- HOW TO COMPLETE THIS TASK:
Please copy every line from the following entries in which the word "cases" appears.

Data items

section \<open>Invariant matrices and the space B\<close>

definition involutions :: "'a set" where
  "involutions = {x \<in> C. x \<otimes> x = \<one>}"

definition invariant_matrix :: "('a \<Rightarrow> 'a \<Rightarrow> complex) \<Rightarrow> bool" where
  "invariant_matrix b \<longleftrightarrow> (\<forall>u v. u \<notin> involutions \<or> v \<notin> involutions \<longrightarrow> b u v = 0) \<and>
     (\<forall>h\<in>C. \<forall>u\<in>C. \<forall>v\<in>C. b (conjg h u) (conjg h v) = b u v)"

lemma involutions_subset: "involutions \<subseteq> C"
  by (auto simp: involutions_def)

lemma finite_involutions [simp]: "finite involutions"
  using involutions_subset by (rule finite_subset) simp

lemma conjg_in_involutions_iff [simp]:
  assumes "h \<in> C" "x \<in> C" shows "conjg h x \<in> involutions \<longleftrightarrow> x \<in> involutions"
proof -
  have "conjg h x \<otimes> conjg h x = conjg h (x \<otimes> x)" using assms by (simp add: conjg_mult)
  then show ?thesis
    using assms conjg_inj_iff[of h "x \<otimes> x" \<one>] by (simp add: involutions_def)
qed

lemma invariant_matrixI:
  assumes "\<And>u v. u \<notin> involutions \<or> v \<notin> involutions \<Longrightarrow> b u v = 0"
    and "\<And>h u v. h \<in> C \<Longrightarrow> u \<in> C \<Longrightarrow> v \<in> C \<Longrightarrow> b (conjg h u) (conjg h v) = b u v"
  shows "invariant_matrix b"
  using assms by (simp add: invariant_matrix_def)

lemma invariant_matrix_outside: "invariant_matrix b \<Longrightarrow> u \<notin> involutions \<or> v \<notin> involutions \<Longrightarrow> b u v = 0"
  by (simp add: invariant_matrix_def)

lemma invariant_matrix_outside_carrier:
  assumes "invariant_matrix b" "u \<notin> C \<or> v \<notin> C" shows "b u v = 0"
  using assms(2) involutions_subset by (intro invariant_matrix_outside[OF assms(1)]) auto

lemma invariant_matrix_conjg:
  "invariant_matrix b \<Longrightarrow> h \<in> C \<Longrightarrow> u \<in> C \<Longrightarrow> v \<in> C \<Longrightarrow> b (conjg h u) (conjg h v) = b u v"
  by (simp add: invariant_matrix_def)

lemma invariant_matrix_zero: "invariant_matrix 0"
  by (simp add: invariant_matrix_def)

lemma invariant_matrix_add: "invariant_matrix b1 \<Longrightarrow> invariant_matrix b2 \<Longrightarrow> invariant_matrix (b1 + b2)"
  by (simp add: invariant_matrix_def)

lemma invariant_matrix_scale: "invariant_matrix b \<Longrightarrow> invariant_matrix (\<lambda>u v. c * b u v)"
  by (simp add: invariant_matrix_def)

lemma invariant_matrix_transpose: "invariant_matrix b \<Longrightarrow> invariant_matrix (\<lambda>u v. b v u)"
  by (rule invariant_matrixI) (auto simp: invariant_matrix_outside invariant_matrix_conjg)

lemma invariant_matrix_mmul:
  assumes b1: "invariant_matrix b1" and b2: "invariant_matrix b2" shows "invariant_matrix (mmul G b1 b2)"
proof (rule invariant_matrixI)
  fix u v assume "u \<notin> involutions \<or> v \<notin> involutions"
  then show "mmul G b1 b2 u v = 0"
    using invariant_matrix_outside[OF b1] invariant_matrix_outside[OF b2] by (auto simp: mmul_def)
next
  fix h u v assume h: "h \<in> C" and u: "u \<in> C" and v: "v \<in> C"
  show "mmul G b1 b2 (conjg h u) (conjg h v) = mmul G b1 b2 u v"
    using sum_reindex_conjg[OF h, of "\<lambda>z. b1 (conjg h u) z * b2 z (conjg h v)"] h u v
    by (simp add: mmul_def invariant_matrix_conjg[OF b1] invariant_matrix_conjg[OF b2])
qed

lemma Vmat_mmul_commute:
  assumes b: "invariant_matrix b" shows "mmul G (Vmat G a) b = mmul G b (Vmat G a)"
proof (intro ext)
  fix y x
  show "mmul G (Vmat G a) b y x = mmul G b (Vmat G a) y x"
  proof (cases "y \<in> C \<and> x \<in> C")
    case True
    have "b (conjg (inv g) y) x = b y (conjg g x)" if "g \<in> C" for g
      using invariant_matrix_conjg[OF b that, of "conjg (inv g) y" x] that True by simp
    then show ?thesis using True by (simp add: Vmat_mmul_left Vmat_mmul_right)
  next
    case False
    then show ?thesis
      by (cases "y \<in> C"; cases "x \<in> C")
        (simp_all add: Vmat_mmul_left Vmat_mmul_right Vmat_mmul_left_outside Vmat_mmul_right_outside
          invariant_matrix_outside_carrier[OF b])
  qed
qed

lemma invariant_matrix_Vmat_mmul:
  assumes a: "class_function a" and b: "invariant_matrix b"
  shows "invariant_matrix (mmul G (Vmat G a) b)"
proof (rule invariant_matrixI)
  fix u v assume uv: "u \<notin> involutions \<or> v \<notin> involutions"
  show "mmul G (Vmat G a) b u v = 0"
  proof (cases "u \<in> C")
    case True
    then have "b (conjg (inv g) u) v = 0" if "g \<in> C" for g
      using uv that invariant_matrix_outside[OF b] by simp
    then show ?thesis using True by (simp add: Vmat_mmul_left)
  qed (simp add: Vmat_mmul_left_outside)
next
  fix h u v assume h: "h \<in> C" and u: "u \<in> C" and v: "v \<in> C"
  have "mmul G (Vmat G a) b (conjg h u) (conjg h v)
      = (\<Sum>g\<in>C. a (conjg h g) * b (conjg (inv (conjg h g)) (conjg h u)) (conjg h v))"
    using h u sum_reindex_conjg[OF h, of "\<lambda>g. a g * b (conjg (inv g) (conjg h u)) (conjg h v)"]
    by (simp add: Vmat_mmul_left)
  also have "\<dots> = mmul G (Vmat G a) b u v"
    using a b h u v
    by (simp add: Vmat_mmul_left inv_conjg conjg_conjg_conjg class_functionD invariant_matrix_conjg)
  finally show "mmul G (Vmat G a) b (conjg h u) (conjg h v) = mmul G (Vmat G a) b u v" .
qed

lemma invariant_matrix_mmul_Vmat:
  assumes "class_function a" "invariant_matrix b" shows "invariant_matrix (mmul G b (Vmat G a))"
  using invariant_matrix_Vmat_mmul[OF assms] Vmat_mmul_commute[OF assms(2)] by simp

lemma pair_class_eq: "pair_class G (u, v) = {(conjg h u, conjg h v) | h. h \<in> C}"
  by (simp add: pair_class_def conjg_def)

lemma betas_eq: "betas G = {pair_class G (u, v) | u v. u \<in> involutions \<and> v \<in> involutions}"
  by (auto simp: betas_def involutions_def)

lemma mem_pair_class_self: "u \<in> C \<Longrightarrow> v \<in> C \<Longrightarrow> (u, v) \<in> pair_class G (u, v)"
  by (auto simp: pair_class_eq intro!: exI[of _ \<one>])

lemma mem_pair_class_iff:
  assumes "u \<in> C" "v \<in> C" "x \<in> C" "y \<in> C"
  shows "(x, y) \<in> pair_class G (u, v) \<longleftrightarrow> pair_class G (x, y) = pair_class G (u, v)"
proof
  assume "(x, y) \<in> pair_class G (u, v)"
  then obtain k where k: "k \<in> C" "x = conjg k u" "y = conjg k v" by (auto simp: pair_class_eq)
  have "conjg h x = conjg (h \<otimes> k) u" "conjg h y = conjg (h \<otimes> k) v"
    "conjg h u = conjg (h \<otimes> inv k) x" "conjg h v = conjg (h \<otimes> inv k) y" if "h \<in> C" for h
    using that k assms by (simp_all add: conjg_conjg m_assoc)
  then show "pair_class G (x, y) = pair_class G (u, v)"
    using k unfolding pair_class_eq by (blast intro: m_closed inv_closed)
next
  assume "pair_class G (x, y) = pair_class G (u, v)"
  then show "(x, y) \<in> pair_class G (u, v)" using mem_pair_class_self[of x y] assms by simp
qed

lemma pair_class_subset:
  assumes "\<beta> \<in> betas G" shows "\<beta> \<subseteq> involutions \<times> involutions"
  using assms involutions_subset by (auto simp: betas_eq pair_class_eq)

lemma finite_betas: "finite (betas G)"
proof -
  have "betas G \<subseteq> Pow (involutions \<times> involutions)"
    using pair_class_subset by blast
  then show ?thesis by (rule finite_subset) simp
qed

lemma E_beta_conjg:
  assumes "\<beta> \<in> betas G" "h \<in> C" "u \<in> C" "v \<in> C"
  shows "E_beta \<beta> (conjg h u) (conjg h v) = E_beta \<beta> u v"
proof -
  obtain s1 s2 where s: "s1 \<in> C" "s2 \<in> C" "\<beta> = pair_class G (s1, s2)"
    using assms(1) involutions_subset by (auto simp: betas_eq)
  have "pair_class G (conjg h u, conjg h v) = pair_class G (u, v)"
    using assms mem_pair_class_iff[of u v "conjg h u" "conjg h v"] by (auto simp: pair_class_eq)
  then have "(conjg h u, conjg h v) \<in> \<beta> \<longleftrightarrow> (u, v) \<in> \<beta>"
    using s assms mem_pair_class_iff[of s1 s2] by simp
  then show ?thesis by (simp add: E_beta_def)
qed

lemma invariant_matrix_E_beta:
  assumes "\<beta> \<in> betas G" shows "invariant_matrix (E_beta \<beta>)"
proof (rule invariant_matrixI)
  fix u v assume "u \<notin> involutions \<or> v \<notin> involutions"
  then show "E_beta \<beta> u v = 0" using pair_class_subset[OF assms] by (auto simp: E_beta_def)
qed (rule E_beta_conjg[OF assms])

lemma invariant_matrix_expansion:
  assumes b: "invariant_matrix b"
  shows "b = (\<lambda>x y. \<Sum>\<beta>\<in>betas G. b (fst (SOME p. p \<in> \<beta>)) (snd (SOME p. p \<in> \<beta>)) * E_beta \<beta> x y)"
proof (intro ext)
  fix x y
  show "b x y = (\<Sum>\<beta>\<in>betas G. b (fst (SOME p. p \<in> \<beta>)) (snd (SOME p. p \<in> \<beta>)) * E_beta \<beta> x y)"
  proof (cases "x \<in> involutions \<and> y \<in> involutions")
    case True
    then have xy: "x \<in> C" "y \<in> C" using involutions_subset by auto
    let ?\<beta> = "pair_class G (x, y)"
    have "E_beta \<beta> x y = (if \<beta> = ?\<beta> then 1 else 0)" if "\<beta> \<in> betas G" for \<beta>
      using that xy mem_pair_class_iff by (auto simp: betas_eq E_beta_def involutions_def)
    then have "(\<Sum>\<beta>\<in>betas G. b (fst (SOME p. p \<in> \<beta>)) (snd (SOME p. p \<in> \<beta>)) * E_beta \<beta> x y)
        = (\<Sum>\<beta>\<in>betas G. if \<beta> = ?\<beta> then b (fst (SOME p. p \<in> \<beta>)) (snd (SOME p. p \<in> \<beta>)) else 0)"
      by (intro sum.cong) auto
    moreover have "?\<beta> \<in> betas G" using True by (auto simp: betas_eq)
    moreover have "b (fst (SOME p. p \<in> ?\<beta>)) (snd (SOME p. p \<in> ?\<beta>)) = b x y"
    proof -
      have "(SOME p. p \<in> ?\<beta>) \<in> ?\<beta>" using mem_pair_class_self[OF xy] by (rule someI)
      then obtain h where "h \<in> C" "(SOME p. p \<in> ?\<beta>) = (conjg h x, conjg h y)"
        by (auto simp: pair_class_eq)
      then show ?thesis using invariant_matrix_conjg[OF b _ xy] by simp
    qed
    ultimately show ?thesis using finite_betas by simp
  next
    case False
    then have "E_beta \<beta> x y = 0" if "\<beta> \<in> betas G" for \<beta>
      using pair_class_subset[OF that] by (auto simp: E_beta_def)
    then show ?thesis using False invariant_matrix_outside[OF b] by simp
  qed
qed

- RESULT OF THE TASK:
  proof (cases "y \<in> C \<and> x \<in> C")
      by (cases "y \<in> C"; cases "x \<in> C")
  proof (cases "u \<in> C")
  proof (cases "x \<in> involutions \<and> y \<in> involutions")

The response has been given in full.